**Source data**

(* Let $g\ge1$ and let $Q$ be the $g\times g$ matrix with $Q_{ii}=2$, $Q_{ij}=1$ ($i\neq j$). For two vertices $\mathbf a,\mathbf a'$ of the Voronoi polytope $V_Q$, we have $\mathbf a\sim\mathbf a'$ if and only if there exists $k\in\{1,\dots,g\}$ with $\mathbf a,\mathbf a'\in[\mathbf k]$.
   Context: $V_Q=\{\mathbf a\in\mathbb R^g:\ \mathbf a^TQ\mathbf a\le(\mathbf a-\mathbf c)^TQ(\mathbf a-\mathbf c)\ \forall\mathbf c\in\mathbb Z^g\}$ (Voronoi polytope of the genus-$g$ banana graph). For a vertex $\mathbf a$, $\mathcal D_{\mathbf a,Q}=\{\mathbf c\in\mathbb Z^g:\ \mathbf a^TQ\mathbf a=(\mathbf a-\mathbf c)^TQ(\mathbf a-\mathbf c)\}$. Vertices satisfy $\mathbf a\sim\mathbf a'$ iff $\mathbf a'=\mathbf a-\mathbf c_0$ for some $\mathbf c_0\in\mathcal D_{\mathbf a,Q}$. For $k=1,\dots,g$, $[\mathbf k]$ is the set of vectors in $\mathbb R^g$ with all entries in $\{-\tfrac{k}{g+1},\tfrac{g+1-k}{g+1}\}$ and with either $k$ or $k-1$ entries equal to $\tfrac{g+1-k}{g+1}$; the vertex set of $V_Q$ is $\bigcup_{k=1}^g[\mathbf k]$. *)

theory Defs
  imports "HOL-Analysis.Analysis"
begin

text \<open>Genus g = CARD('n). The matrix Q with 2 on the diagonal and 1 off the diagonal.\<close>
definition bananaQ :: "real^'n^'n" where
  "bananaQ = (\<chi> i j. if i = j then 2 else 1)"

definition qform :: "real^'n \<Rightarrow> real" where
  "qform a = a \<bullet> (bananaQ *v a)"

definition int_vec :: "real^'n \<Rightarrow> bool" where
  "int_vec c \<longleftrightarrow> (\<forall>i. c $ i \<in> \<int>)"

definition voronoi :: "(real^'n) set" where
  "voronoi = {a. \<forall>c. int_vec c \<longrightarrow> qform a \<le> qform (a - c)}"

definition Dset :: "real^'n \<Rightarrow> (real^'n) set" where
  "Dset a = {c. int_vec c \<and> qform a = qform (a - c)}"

...

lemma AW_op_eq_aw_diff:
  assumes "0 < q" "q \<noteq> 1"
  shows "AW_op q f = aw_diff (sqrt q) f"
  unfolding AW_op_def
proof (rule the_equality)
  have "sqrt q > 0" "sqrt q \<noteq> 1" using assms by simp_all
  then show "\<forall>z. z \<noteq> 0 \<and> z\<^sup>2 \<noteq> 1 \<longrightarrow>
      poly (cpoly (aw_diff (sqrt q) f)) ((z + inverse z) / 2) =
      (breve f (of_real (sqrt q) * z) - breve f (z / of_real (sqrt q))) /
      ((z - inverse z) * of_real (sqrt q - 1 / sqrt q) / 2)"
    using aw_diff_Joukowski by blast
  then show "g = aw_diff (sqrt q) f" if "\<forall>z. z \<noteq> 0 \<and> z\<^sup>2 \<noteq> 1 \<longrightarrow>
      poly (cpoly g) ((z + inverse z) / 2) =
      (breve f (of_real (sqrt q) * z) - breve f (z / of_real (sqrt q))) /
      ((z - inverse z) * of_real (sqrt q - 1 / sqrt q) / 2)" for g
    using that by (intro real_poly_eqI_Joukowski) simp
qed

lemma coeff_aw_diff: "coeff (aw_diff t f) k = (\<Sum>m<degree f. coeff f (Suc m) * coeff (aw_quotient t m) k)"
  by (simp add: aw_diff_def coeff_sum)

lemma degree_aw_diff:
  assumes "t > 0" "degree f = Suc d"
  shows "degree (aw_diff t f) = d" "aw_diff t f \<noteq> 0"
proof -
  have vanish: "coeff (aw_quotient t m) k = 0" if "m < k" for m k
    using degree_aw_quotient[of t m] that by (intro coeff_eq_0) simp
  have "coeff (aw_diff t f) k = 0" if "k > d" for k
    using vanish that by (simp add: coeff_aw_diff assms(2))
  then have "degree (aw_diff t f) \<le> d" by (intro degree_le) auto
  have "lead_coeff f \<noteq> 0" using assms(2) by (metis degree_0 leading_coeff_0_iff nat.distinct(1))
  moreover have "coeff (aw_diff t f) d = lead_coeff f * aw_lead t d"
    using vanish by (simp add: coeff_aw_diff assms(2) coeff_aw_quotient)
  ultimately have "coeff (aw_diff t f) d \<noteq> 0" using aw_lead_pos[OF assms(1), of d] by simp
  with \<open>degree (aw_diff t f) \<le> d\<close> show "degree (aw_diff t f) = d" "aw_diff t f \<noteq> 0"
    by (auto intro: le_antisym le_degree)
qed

==

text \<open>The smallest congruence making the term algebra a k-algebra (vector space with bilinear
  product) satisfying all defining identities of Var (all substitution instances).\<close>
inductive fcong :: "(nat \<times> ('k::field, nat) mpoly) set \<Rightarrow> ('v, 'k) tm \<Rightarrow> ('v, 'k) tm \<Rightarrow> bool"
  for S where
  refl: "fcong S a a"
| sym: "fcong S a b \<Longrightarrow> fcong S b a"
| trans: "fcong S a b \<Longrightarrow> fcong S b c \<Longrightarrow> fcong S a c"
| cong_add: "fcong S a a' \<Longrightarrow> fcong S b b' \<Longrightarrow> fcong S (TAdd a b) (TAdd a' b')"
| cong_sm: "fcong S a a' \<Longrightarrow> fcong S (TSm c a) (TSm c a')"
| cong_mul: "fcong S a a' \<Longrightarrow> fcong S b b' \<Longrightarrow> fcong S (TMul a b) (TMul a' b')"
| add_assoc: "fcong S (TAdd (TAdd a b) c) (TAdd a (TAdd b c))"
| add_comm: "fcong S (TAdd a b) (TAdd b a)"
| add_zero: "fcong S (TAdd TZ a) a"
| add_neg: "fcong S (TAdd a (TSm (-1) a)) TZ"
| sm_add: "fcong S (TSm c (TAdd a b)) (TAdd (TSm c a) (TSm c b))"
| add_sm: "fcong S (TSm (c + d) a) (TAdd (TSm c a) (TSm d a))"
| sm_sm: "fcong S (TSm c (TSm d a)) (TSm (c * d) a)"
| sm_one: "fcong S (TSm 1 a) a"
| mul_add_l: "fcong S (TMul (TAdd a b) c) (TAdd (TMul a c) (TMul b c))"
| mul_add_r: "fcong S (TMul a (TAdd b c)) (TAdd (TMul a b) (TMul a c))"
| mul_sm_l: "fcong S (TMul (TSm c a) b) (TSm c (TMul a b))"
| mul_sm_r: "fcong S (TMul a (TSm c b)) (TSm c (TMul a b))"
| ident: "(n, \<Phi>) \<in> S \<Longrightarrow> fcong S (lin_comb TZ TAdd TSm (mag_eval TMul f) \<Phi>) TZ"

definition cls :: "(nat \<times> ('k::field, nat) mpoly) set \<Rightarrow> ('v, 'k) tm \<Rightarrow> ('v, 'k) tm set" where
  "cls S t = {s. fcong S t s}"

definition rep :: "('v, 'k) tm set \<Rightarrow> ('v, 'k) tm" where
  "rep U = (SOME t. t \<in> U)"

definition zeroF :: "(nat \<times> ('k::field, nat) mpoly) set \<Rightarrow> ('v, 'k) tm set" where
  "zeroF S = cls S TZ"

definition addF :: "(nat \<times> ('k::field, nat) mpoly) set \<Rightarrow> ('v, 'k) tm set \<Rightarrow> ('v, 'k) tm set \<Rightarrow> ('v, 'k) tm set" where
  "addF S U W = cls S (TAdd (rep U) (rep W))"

**What is required**
Above are the records; from them, give again exactly the lines from the one containing "S (TMul (TSm" through the one containing "U = (SOME t.", both included.

**Task answer**
| mul_sm_l: "fcong S (TMul (TSm c a) b) (TSm c (TMul a b))"
| mul_sm_r: "fcong S (TMul a (TSm c b)) (TSm c (TMul a b))"
| ident: "(n, \<Phi>) \<in> S \<Longrightarrow> fcong S (lin_comb TZ TAdd TSm (mag_eval TMul f) \<Phi>) TZ"

definition cls :: "(nat \<times> ('k::field, nat) mpoly) set \<Rightarrow> ('v, 'k) tm \<Rightarrow> ('v, 'k) tm set" where
  "cls S t = {s. fcong S t s}"

definition rep :: "('v, 'k) tm set \<Rightarrow> ('v, 'k) tm" where
  "rep U = (SOME t. t \<in> U)"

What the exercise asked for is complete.